The US role in the Middle East is paramount, but clearly not in anything that can be considered to be ‘control’. Russia has been a relatively new element, also militarily involved, with its aim being to support Syria, where it maintains a seaport, and also to prevent itself from being enclosed by the ever-expanding NATO forces surrounding its borders. Problematic for the US, this has undermined the influence of the supposedly overwhelming power of the US military, although the US will attempt to push Russia to agree to its aim of regime change in Syria. France, like Russia, having been attacked by IS, but having lost much influence in Syria, wants to re-establish an interest there, and determinedly bombs Syria to exact revenge. Its efforts nevertheless kill many civilians and Hollande’s firepower only highlights how fragile is his own domestic political support.
As for the UK, the government pretends that there is a pliable 70,000 group of rebels to oust Syria’s Assad. It may even give them almost ‘democratic’ credentials, but the main thing is that they will bend, at least a bit, to British interests. After all, showing British flexibility, British official flags were set at half-mast for the death of that other great leader, Saudi King Abdullah in January 2015, as a sign of the lucrative defence, commercial and financial deals with the right kind of regime.
Jeremy Corbyn, leader of the Labour Party, is in a more tricky position. He has had a consistent view that he is against the UK military bombing of Syria, although he also thinks that it would be OK if the United Nations legitimised such an imperial policy. He considered that the decision to go to war was a ‘most serious, solemn decision’, but then refused to exert any leadership discipline over his MPs votes, with no threat of sanction if they disagreed with him. I cannot say I was surprised, since he has found it possible to belong to the pro-imperialist Labour Party for more than three decades. The farce here is that a Labour MP voting for the Conservatives austerity measures would have faced party sanctions, whereas, if an MP votes to bomb Syria, that is a matter of conscience.

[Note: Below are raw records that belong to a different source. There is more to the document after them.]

(* Let $q$ be an odd prime power, $\omega$ a non-square in $\mathbb F_q$, $\epsilon\in\mathbb F_{q^2}$ with $\epsilon^2=\omega$, and write $z=z_1+\epsilon z_2$ ($z_i\in\mathbb F_q$) for $z\in\mathbb F_{q^2}$. Let $\mathcal C: aX^2+bXY+cXZ+dYZ+eZ^2=0$ be a non-singular conic of $\mathrm{PG}(2,q^2)$ with $d=1$ and $b\notin\mathbb F_q$. Put $A=-a_2b_1+a_1b_2$, $B=b_2c_1-b_1c_2-a_2d_1+a_1d_2$, $C=-c_2d_1+c_1d_2+b_2e_1-b_1e_2$, $D=d_2e_1-d_1e_2$, and let $\mathcal S\subset\mathrm{PG}(3,q)$ be the cubic surface in coordinates $(t_1:t_2:X:Z)$ with equation $$2t_1t_2(b_1X+d_1Z)-(t_1^2+\omega t_2^2)(b_2X+d_2Z)+AX^3+BX^2Z+CXZ^2+DZ^3=0.$$ Let $n_0$ and $n_\infty$ be the numbers of points of $\mathrm{PG}(3,q)$ on $\mathcal S$ with $t_1=t_2=0$ and with $X=Z=0$, respectively. Then $n_\infty=q+1$ and $n_0\in\{0,1,2,3\}$. *)

theory Defs
  imports Main
begin

text \<open>A field embedding of F_q (type 'k) into F_{q^2} (type 'K).\<close>
definition field_emb :: "('k::field \<Rightarrow> 'K::field) \<Rightarrow> bool" where
  "field_emb f \<longleftrightarrow> f 1 = 1 \<and> (\<forall>x y. f (x + y) = f x + f y) \<and> (\<forall>x y. f (x * y) = f x * f y)"

definition qel :: "('k \<Rightarrow> 'K::field) \<Rightarrow> 'K \<Rightarrow> 'k \<Rightarrow> 'k \<Rightarrow> 'K" where
  "qel f eps z1 z2 = f z1 + eps * f z2"

definition conic_nonsingular :: "'K::field \<Rightarrow> 'K \<Rightarrow> 'K \<Rightarrow> 'K \<Rightarrow> 'K \<Rightarrow> bool" where
  "conic_nonsingular a b c d e \<longleftrightarrow>
     \<not> (\<exists>X Y Z. (X, Y, Z) \<noteq> (0, 0, 0) \<and>
          a * X^2 + b * X * Y + c * X * Z + d * Y * Z + e * Z^2 = 0 \<and>
          2 * a * X + b * Y + c * Z = 0 \<and>
          b * X + d * Z = 0 \<and>
          c * X + d * Y + 2 * e * Z = 0)"

text \<open>Points of PG(3,q): classes of nonzero vectors (t1,t2,X,Z) up to nonzero scalars.\<close>
definition scale4 :: "'k::field \<Rightarrow> 'k \<times> 'k \<times> 'k \<times> 'k \<Rightarrow> 'k \<times> 'k \<times> 'k \<times> 'k" where
  "scale4 l v = (case v of (t1, t2, x, z) \<Rightarrow> (l * t1, l * t2, l * x, l * z))"

definition proj_point4 :: "'k::field \<times> 'k \<times> 'k \<times> 'k \<Rightarrow> ('k \<times> 'k \<times> 'k \<times> 'k) set" where
  "proj_point4 v = {scale4 l v | l. l \<noteq> 0}"

definition count_points4 :: "('k::field \<times> 'k \<times> 'k \<times> 'k \<Rightarrow> bool) \<Rightarrow> nat" where
  "count_points4 P = card {proj_point4 v | v. v \<noteq> (0, 0, 0, 0) \<and> P v}"

definition surfS :: "'k::field \<Rightarrow> 'k \<Rightarrow> 'k \<Rightarrow> 'k \<Rightarrow> 'k \<Rightarrow> 'k \<Rightarrow> 'k \<Rightarrow> 'k \<Rightarrow> 'k
     \<Rightarrow> 'k \<times> 'k \<times> 'k \<times> 'k \<Rightarrow> bool" where
  "surfS \<omega> b1 b2 d1 d2 A B C D v = (case v of (t1, t2, X, Z) \<Rightarrow>
     2 * t1 * t2 * (b1 * X + d1 * Z) - (t1^2 + \<omega> * t2^2) * (b2 * X + d2 * Z)
     + A * X^3 + B * X^2 * Z + C * X * Z^2 + D * Z^3 = 0)"

end

theory Submission
  imports Defs "HOL-Computational_Algebra.Polynomial"
begin

(* On the line X = Z = 0 every term of the equation of S vanishes, so the whole line,
   q + 1 points, lies on S. On the line t1 = t2 = 0 the equation reduces to the binary
   cubic A X^3 + B X^2 Z + C X Z^2 + D Z^3, which has at most three projective zeros unless
   it vanishes identically. Writing the conic coefficients in the basis 1, epsilon of
   F_{q^2} over F_q, A = B = C = D = 0 together with d = 1 and b not in F_q forces
   a = b p, c = b r + p, e = r with p, r in F_q, i.e. the conic splits into the two lines
   b X + Z = 0 and p X + Y + r Z = 0, contradicting non-singularity. *)

lemma field_emb_hom:
  assumes "field_emb f"
  shows "f 0 = 0" and "f 1 = 1" and "f (x + y) = f x + f y" and "f (x * y) = f x * f y"
    and "f (- x) = - f x" and "f (x - y) = f x - f y"
proof -
  have add: "\<And>x y. f (x + y) = f x + f y"
    using assms by (simp add: field_emb_def)
  show zero: "f 0 = 0"
    using add[of 0 0] by (metis add_0 add_cancel_right_right)
  have neg: "\<And>x. f (- x) = - f x"
    using add zero by (metis add.right_inverse add_eq_0_iff)
  show "f 1 = 1" "f (x + y) = f x + f y" "f (x * y) = f x * f y" "f (- x) = - f x"
    using assms neg by (simp_all add: field_emb_def)
  show "f (x - y) = f x - f y"
    using add[of x "- y"] neg[of y] by simp
qed

lemma field_emb_inj:
  assumes "field_emb f"
  shows "inj f"
proof (rule injI, rule ccontr)
  fix x y
  assume "f x = f y" and "x \<noteq> y"
  then have "f (x - y) * f (inverse (x - y)) = 0"
    by (simp add: field_emb_hom[OF assms])
  with \<open>x \<noteq> y\<close> show False
    using field_emb_hom(2,4)[OF assms] by (metis right_inverse eq_iff_diff_eq_0 zero_neq_one)
qed

lemma field_emb_inverse:
  assumes "field_emb f" and "x \<noteq> 0"
  shows "f (inverse x) = inverse (f x)"
proof -
  have "f x * f (inverse x) = 1"
    using field_emb_hom(2,4)[OF assms(1)] assms(2) by (metis right_inverse)
  then show ?thesis by (metis inverse_unique)
qed

lemma sqrt_of_nonsquare_notin_range:
  assumes "field_emb f" and "\<not> (\<exists>x. x^2 = \<omega>)" and "\<epsilon>^2 = f \<omega>"
  shows "\<epsilon> \<notin> range f"
proof
  assume "\<epsilon> \<in> range f"
  then obtain u where "\<epsilon> = f u" by auto
  then have "f (u^2) = f \<omega>"
    using assms(3) field_emb_hom(4)[OF assms(1), of u u] by (simp add: power2_eq_square)
  then have "u^2 = \<omega>"
    by (rule injD[OF field_emb_inj[OF assms(1)]])
  with assms(2) show False by auto
qed

lemma qel_eq_iff:
  assumes f: "field_emb f" and \<epsilon>: "\<epsilon> \<notin> range f"
  shows "qel f \<epsilon> x y = qel f \<epsilon> x' y' \<longleftrightarrow> x = x' \<and> y = y'"
proof
  assume eq: "qel f \<epsilon> x y = qel f \<epsilon> x' y'"
  note hom = field_emb_hom[OF f]
  have "y = y'"
  proof (rule ccontr)
    assume "y \<noteq> y'"
    then have ne: "y' - y \<noteq> 0" by simp
    then have "f y' - f y \<noteq> 0"
      using field_emb_inj[OF f] hom(1,6) by (metis injD)
    moreover have "\<epsilon> * (f y' - f y) = f x - f x'"
      using eq by (simp add: qel_def algebra_simps)
    ultimately have "\<epsilon> = (f x - f x') / (f y' - f y)"
      by (simp add: field_simps)
    also have "\<dots> = f ((x - x') * inverse (y' - y))"
      using field_emb_inverse[OF f ne] by (simp add: hom(4,6) divide_inverse)
    finally show False
      using \<epsilon> by auto
  qed
  moreover from this have "x = x'"
    using eq field_emb_inj[OF f] by (simp add: qel_def injD)
  ultimately show "x = x' \<and> y = y'" by simp
qed simp

(* The conic is (b X + Z)(p X + Y + r Z) = 0; both lines pass through (1 : r b - p : -b). *)
lemma line_pair_not_conic_nonsingular:
  fixes b p r :: "'K::field"
  shows "\<not> conic_nonsingular (b * p) b (b * r + p) 1 r"
  unfolding conic_nonsingular_def
  by (rule notI, erule notE, intro exI[of _ 1] exI[of _ "r * b - p"] exI[of _ "- b"])
    (simp add: algebra_simps power2_eq_square)

lemma cubic_coeffs_zero_imp_line_pair:
  fixes f :: "'k::field \<Rightarrow> 'K::field"
  assumes f: "field_emb f" and "d1 = 1" and "d2 = 0" and "b2 \<noteq> 0"
    and "- a2 * b1 + a1 * b2 = 0"
    and "b2 * c1 - b1 * c2 - a2 * d1 + a1 * d2 = 0"
    and "- c2 * d1 + c1 * d2 + b2 * e1 - b1 * e2 = 0"
    and "d2 * e1 - d1 * e2 = 0"
  shows "\<exists>p r. qel f \<epsilon> a1 a2 = qel f \<epsilon> b1 b2 * p \<and> qel f \<epsilon> c1 c2 = qel f \<epsilon> b1 b2 * r + p
           \<and> qel f \<epsilon> e1 e2 = r"
proof (intro exI conjI)
  define p where "p = c1 - b1 * e1"
  have e2: "e2 = 0" and c2: "c2 = b2 * e1"
    using assms by (simp_all add: algebra_simps)
  have a2: "a2 = b2 * p"
    using assms c2 by (simp add: p_def algebra_simps)
  have "a1 * b2 = b1 * p * b2"
    using assms a2 by (simp add: algebra_simps)
  with \<open>b2 \<noteq> 0\<close> have a1: "a1 = b1 * p" by simp
  show "qel f \<epsilon> a1 a2 = qel f \<epsilon> b1 b2 * f p"
    by (simp add: qel_def a1 a2 field_emb_hom[OF f] algebra_simps)
  show "qel f \<epsilon> c1 c2 = qel f \<epsilon> b1 b2 * f e1 + f p"
    by (simp add: qel_def p_def c2 field_emb_hom[OF f] algebra_simps)
  show "qel f \<epsilon> e1 e2 = f e1"
    by (simp add: qel_def e2 field_emb_hom[OF f])
qed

Tony Norfield, 2 December 2015

(note: some later rephrasing of  text, 6 Jan 2016)


[1] I am too polite to mention that Dave’s first foray into military matters, teaming up with French President Sarkozy to encourage US and ‘allied’ intervention in Libya, has not turned out that well.
[2] This and some other details are taken from an informative and well-written work by John Keay, Sowing the Wind: The Seeds of Conflict in the Middle East, John Murray: London, 2003.